Karena pemanasan global terjadi di lapisan troposfer (lapisan atmosfer terdekat dengan kehidupan manusia; tempat terjadinya berbagai fenomena cuaca), maka tidak bisa dipungkiri bahwa pemanasan global juga akan menyebabkan perubahan iklim (climate change). Diprediksikan bahwa perubahan iklim bisa menyebabkan musim kemarau yang semakin panjang serta musim hujan yang semakin pendek periodenya namun dengan peningkatan intensitas curah hujan (Meiviana dkk., 2004). Kedua hal tersebut: musim kemarau yang berkepanjangan serta tingginya curah hujan, sudah dirasakan masyarakat di tanah air. Kemarau panjang menyebabkan kegagalan pertanian dan kekurangan air bersih yang akut di berbagai tempat. Tingginya curah hujan menimbulkan bencana banjir di mana-mana. Beberapa ilmuwan juga mencoba menghubungkan perubahan iklim dengan semakin tingginya frekuensi dan intensitas badai (hurricane) yang terjadi di berbagai wilayah di bumi, utamanya belahan utara dan selatan bumi.

Beberapa masalah kesehatan, seperti penyakit malaria dan demam berdarah, juga ditengarai mengalami peningkatan akibat perubahan iklim (Meiviana dkk., 2004). Kenaikan temperatur bisa menyebabkan lebih singkatnya periode pertumbungan nyamuk yang selanjutnya berperan dalam peningkatan wabah malaria dan demam berdarah.

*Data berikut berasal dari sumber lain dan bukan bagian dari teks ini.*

(* Let $e_1,e_2$ be composable forward events of the LTSI of CCSK$^{\mathrm P}$. Then $e_1<e_2$ if and only if $e_1\otimes e_2$.
   Context: Names $\mathsf N$ with bijection $\overline\cdot$ onto disjoint co-names; $\mathsf L=\mathsf N\cup\overline{\mathsf N}\cup\{\tau\}$ ($\alpha$ over $\mathsf L$, $\lambda$ over $\mathsf L\setminus\{\tau\}$); keys $\mathsf K$ denumerable. CCSK processes $X::=\mathbf 0\mid\alpha.X\mid X\backslash\lambda\mid X+Y\mid X|Y\mid\alpha[k].X$; $\mathrm{keys}(X)$ keys in $X$; standard means no keys. Directions $D\in\{\mathrm L,\mathrm R\}$, $\bar{\mathrm L}=\mathrm R$, $\bar{\mathrm R}=\mathrm L$. Proof keyed labels $\theta::=\upsilon\alpha[k]\mid\upsilon\langle\upsilon_1\lambda[k],\upsilon_2\overline\lambda[k]\rangle$ ($\upsilon,\upsilon_i\in\{|_{\mathrm L},|_{\mathrm R},+_{\mathrm L},+_{\mathrm R}\}^*$), $\ell(\upsilon\alpha[k])=\alpha$, $\ell(\upsilon\langle\cdots\rangle)=\tau$, $\mathrm{key}(\theta)=k$. Forward CCSK$^{\mathrm P}$ transitions: least relation closed under (act) $\alpha.X\xrightarrow{\alpha[k]}\alpha[k].X$ if $\mathrm{keys}(X)=\emptyset$; (pre) $X\xrightarrow\theta X',\mathrm{key}(\theta)\ne k\Rightarrow\alpha[k].X\xrightarrow\theta\alpha[k].X'$; (res) $X\xrightarrow\theta X',\ell(\theta)\notin\{\lambda,\overline\lambda\}\Rightarrow X\backslash\lambda\xrightarrow\theta X'\backslash\lambda$; (par) $X\xrightarrow\theta X',\mathrm{key}(\theta)\notin\mathrm{keys}(Y)\Rightarrow X|Y\xrightarrow{|_{\mathrm L}\theta}X'|Y$, $Y|X\xrightarrow{|_{\mathrm R}\theta}Y|X'$; (syn) $X\xrightarrow{\upsilon_1\lambda[k]}X',Y\xrightarrow{\upsilon_2\overline\lambda[k]}Y'\Rightarrow X|Y\xrightarrow{\langle\upsilon_1\lambda[k],\upsilon_2\overline\lambda[k]\rangle}X'|Y'$; (sum) $X\xrightarrow\theta X',\mathrm{keys}(Y)=\emptyset\Rightarrow X+Y\xrightarrow{+_{\mathrm L}\theta}X'+Y$, $Y+X\xrightarrow{+_{\mathrm R}\theta}Y+X'$. Backward transitions are converses; $\bar t$ the inverse. Paths: sequences of composable transitions; rooted if the source cannot perform a backward transition; only processes reachable from standard ones are considered. Connected: path from source of one to target of the other. Relations on proof labels (least closed under rules; "prefix" = form $\beta[k']$; $\theta_{\mathrm L},\theta_{\mathrm R}$ components of a synchronisation label): Connectivity $\frown$: (A1) $\alpha[k]\frown\theta$; (A2) $\theta\frown\alpha[k]$ if $\theta$ not a prefix; (P1) $|_D\theta\frown|_D\theta'$ if $\theta\frown\theta'$; (P2) $|_D\theta\frown|_{\bar D}\theta'$; (C1) $+_D\theta\frown+_D\theta'$ if $\theta\frown\theta'$; (C2) $+_D\theta\frown+_{\bar D}\theta'$; (S1) $|_D\theta\frown\langle\theta_{\mathrm L},\theta_{\mathrm R}\rangle$ if $\theta\frown\theta_D$; (S2) $\langle\theta_{\mathrm L},\theta_{\mathrm R}\rangle\frown|_D\theta$ if $\theta_D\frown\theta$; (S3) componentwise. Dependence $\otimes$: A1, A2, C1, C2, P1, S1, S2 with $\otimes$ for $\frown$; (P2$_k$) $|_D\theta\otimes|_{\bar D}\theta'$ if equal keys; (S3) $\langle\theta_1,\theta_2\rangle\otimes\langle\theta_1',\theta_2'\rangle$ if for some $i\ne j$, $\theta_i\otimes\theta_i'$ and $\theta_j\frown\theta_j'$. Independence $\iota$: C1, P1, S1, S2, S3 with $\iota$ for $\frown$, and (P2$_k$) $|_D\theta\mathrel\iota|_{\bar D}\theta'$ if keys differ. On transitions: $t\mathrel\iota u$ iff connected and labels $\iota$. Event equivalence $\sim$: smallest equivalence with $t\sim t'$ whenever $t:P\to Q$, $u:P\to R$, $u':Q\to S$, $t':R\to S$ ($u'$ with label/direction of $u$, $t'$ of $t$) and $t\mathrel\iota u$; events are classes $[t]$; forward events are classes of forward transitions; $\bar e=[\bar t]$. $\sharp(\varepsilon,e)=0$, $\sharp(tr,e)=\sharp(r,e)+1$ if $t\in e$, $-1$ if $t\in\bar e$, unchanged otherwise. For forward events, $e\le e'$ iff every rooted path $r$ with $\sharp(r,e')>0$ has $\sharp(r,e)>0$; $e<e'$ iff $e\le e'$ and $e\ne e'$. Events $e_1,e_2$ are composable if some $t_1\in e_1$ is composable with some $t_2\in e_2$; $e_1\otimes e_2$ iff some $t_1\in e_1$, $t_2\in e_2$ have labels satisfying $\otimes$. *)

theory Defs
  imports Main
begin

datatype 'n vis = Nm 'n | Co 'n
datatype 'n act = Vis "'n vis" | Tau

fun vbar :: "'n vis \<Rightarrow> 'n vis" where
  "vbar (Nm a) = Co a" | "vbar (Co a) = Nm a"

type_synonym key = nat

datatype 'n proc =
    Nil0
  | Pre "'n act" "'n proc"
  | Res "'n proc" "'n vis"
  | Sum "'n proc" "'n proc"
  | Par "'n proc" "'n proc"
  | Keyed "'n act" key "'n proc"

fun keys :: "'n proc \<Rightarrow> key set" where
  "keys Nil0 = {}"
| "keys (Pre a X) = keys X"
| "keys (Res X l) = keys X"
| "keys (Sum X Y) = keys X \<union> keys Y"
| "keys (Par X Y) = keys X \<union> keys Y"
| "keys (Keyed a k X) = insert k (keys X)"

definition standard :: "'n proc \<Rightarrow> bool" where
  "standard X \<longleftrightarrow> keys X = {}"

datatype dir = DL | DR

fun dbar :: "dir \<Rightarrow> dir" where "dbar DL = DR" | "dbar DR = DL"

text \<open>A proof keyed label upsilon alpha[k] is encoded as the operators of upsilon
 applied (outermost first) to PAct alpha k; a synchronisation label
 upsilon<theta_L, theta_R> as the operators of upsilon applied to PSyn theta_L theta_R.\<close>

datatype 'n plab =
    PAct "'n act" key
  | PPar dir "'n plab"
  | PSum dir "'n plab"
  | PSyn "'n plab" "'n plab"

fun lab :: "'n plab \<Rightarrow> 'n act" where
  "lab (PAct a k) = a"
| "lab (PPar d t) = lab t"
| "lab (PSum d t) = lab t"
| "lab (PSyn t1 t2) = Tau"

fun pkey :: "'n plab \<Rightarrow> key" where
  "pkey (PAct a k) = k"
| "pkey (PPar d t) = pkey t"
| "pkey (PSum d t) = pkey t"
| "pkey (PSyn t1 t2) = pkey t1"

definition is_prefix :: "'n plab \<Rightarrow> bool" where
  "is_prefix t \<longleftrightarrow> (\<exists>a k. t = PAct a k)"

fun comp :: "dir \<Rightarrow> 'n plab \<Rightarrow> 'n plab \<Rightarrow> 'n plab" where
  "comp DL tL tR = tL" | "comp DR tL tR = tR"

inductive fwd :: "'n proc \<Rightarrow> 'n plab \<Rightarrow> 'n proc \<Rightarrow> bool" where
  act: "keys X = {} \<Longrightarrow> fwd (Pre a X) (PAct a k) (Keyed a k X)"
| pre: "fwd X t X' \<Longrightarrow> pkey t \<noteq> k \<Longrightarrow> fwd (Keyed a k X) t (Keyed a k X')"
| res: "fwd X t X' \<Longrightarrow> lab t \<noteq> Vis l \<Longrightarrow> lab t \<noteq> Vis (vbar l)
        \<Longrightarrow> fwd (Res X l) t (Res X' l)"
| parL: "fwd X t X' \<Longrightarrow> pkey t \<notin> keys Y \<Longrightarrow> fwd (Par X Y) (PPar DL t) (Par X' Y)"
| parR: "fwd X t X' \<Longrightarrow> pkey t \<notin> keys Y \<Longrightarrow> fwd (Par Y X) (PPar DR t) (Par Y X')"
| syn: "fwd X t1 X' \<Longrightarrow> fwd Y t2 Y' \<Longrightarrow> lab t1 = Vis l \<Longrightarrow> lab t2 = Vis (vbar l)
        \<Longrightarrow> pkey t1 = k \<Longrightarrow> pkey t2 = k
        \<Longrightarrow> fwd (Par X Y) (PSyn t1 t2) (Par X' Y')"
| sumL: "fwd X t X' \<Longrightarrow> keys Y = {} \<Longrightarrow> fwd (Sum X Y) (PSum DL t) (Sum X' Y)"
| sumR: "fwd X t X' \<Longrightarrow> keys Y = {} \<Longrightarrow> fwd (Sum Y X) (PSum DR t) (Sum Y X')"

definition step :: "'n proc \<Rightarrow> 'n proc \<Rightarrow> bool" where
  "step P Q \<longleftrightarrow> (\<exists>t. fwd P t Q \<or> fwd Q t P)"

definition reachable :: "'n proc \<Rightarrow> bool" where
  "reachable P \<longleftrightarrow> (\<exists>S. standard S \<and> step\<^sup>*\<^sup>* S P)"

text \<open>A transition: source, proof label, target, and direction (True = forward).\<close>
datatype 'n tr = Tr (src: "'n proc") (lbl: "'n plab") (tgt: "'n proc") (fw: bool)

definition valid :: "'n tr \<Rightarrow> bool" where
  "valid t \<longleftrightarrow> reachable (src t) \<and>
     (if fw t then fwd (src t) (lbl t) (tgt t) else fwd (tgt t) (lbl t) (src t))"

fun inv_tr :: "'n tr \<Rightarrow> 'n tr" where
  "inv_tr (Tr P t Q b) = Tr Q t P (\<not> b)"

definition is_path :: "'n tr list \<Rightarrow> bool" where
  "is_path r \<longleftrightarrow> (\<forall>t\<in>set r. valid t) \<and>
     (\<forall>i. Suc i < length r \<longrightarrow> tgt (r ! i) = src (r ! Suc i))"

definition rooted :: "'n proc \<Rightarrow> bool" where
  "rooted P \<longleftrightarrow> \<not> (\<exists>t Q. fwd Q t P)"

definition rooted_path :: "'n tr list \<Rightarrow> bool" where
  "rooted_path r \<longleftrightarrow> r \<noteq> [] \<and> is_path r \<and> rooted (src (hd r))"

definition connected :: "'n tr \<Rightarrow> 'n tr \<Rightarrow> bool" where
  "connected t u \<longleftrightarrow> step\<^sup>*\<^sup>* (src t) (tgt u)"

inductive conn :: "'n plab \<Rightarrow> 'n plab \<Rightarrow> bool" where
  A1: "conn (PAct a k) t"
| A2: "\<not> is_prefix t \<Longrightarrow> conn t (PAct a k)"
| P1: "conn t t' \<Longrightarrow> conn (PPar D t) (PPar D t')"
| P2: "conn (PPar D t) (PPar (dbar D) t')"
| C1: "conn t t' \<Longrightarrow> conn (PSum D t) (PSum D t')"
| C2: "conn (PSum D t) (PSum (dbar D) t')"
| S1: "conn t (comp D tL tR) \<Longrightarrow> conn (PPar D t) (PSyn tL tR)"
| S2: "conn (comp D tL tR) t \<Longrightarrow> conn (PSyn tL tR) (PPar D t)"
| S3: "conn tL tL' \<Longrightarrow> conn tR tR' \<Longrightarrow> conn (PSyn tL tR) (PSyn tL' tR')"

inductive dep :: "'n plab \<Rightarrow> 'n plab \<Rightarrow> bool" where
  A1: "dep (PAct a k) t"
| A2: "\<not> is_prefix t \<Longrightarrow> dep t (PAct a k)"
| P1: "dep t t' \<Longrightarrow> dep (PPar D t) (PPar D t')"
| P2k: "pkey t = pkey t' \<Longrightarrow> dep (PPar D t) (PPar (dbar D) t')"
| C1: "dep t t' \<Longrightarrow> dep (PSum D t) (PSum D t')"
| C2: "dep (PSum D t) (PSum (dbar D) t')"
| S1: "dep t (comp D tL tR) \<Longrightarrow> dep (PPar D t) (PSyn tL tR)"
| S2: "dep (comp D tL tR) t \<Longrightarrow> dep (PSyn tL tR) (PPar D t)"
| S3L: "dep tL tL' \<Longrightarrow> conn tR tR' \<Longrightarrow> dep (PSyn tL tR) (PSyn tL' tR')"
| S3R: "dep tR tR' \<Longrightarrow> conn tL tL' \<Longrightarrow> dep (PSyn tL tR) (PSyn tL' tR')"

inductive ind :: "'n plab \<Rightarrow> 'n plab \<Rightarrow> bool" where
  C1: "ind t t' \<Longrightarrow> ind (PSum D t) (PSum D t')"
| P1: "ind t t' \<Longrightarrow> ind (PPar D t) (PPar D t')"
| P2k: "pkey t \<noteq> pkey t' \<Longrightarrow> ind (PPar D t) (PPar (dbar D) t')"
| S1: "ind t (comp D tL tR) \<Longrightarrow> ind (PPar D t) (PSyn tL tR)"
| S2: "ind (comp D tL tR) t \<Longrightarrow> ind (PSyn tL tR) (PPar D t)"
| S3: "ind tL tL' \<Longrightarrow> ind tR tR' \<Longrightarrow> ind (PSyn tL tR) (PSyn tL' tR')"

definition tr_ind :: "'n tr \<Rightarrow> 'n tr \<Rightarrow> bool" where
  "tr_ind t u \<longleftrightarrow> connected t u \<and> ind (lbl t) (lbl u)"

text \<open>The square generating event equivalence: t : P \<rightarrow> Q, u : P \<rightarrow> R,
 u' : Q \<rightarrow> S, t' : R \<rightarrow> S, with u' a copy of u and t' a copy of t, and t \<iota> u.\<close>
definition sq :: "'n tr \<Rightarrow> 'n tr \<Rightarrow> bool" where
  "sq t t' \<longleftrightarrow> (\<exists>u u'. valid t \<and> valid u \<and> valid u' \<and> valid t' \<and>
      src u = src t \<and> src u' = tgt t \<and> src t' = tgt u \<and> tgt u' = tgt t' \<and>
      lbl u' = lbl u \<and> fw u' = fw u \<and> lbl t' = lbl t \<and> fw t' = fw t \<and>
      tr_ind t u)"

Melihat bahaya yang bisa ditimbulkannya, sudah sepantasnya bila warga bumi bersegera melakukan berbagai daya upaya agar gangguan terhadap iklim yang dipicu oleh pemanasan global tidak semakin parah. Berbagai anomali cuaca bisa saja terjadi bila perubahan iklim semakin menjadi. Anomali tersebut menyebabkan manusia akan semakin sulit melakukan prediksi terhadap cuaca, yang selanjutnya akan mempengaruhi dunia penerbangan, kelautan, hingga transportasi darat.

Karena GRK didominasi oleh CO2 yang dihasilkan dari pembakaran bahan bakar fosil seperti batubara, miyak bumi, dan gas alam, maka masyarakat bisa berperan serta dengan melakukan berbagai penghematan; baik penghematan energi ataupun penghematan penggunaan barang-barang (karena pada dasarnya produksi berbagai barang juga memerlukan suplai energi). Peran pemerintah sangat diperlukan dalam melakukan berbagai regulasi di sektor industri, transportasi, dan rumah tangga untuk menjamin terjadinya pengurangan emisi CO2. Sumber-sumber energi terbarukan yang ramah lingkungan, seperti energi matahari, angin, biofuel, geothermal, biogas, dsb., perlu secepatnya digali dan diimplementasikan.

Kita berharap agar bumi kita yang hanya satu ini masih mampu menampung generasi-generasi manusia di masa mendatang. Oleh karena itulah, merupakan tugas kita bersama untuk menyembuhkan atmosfer kita yang sedang sakit.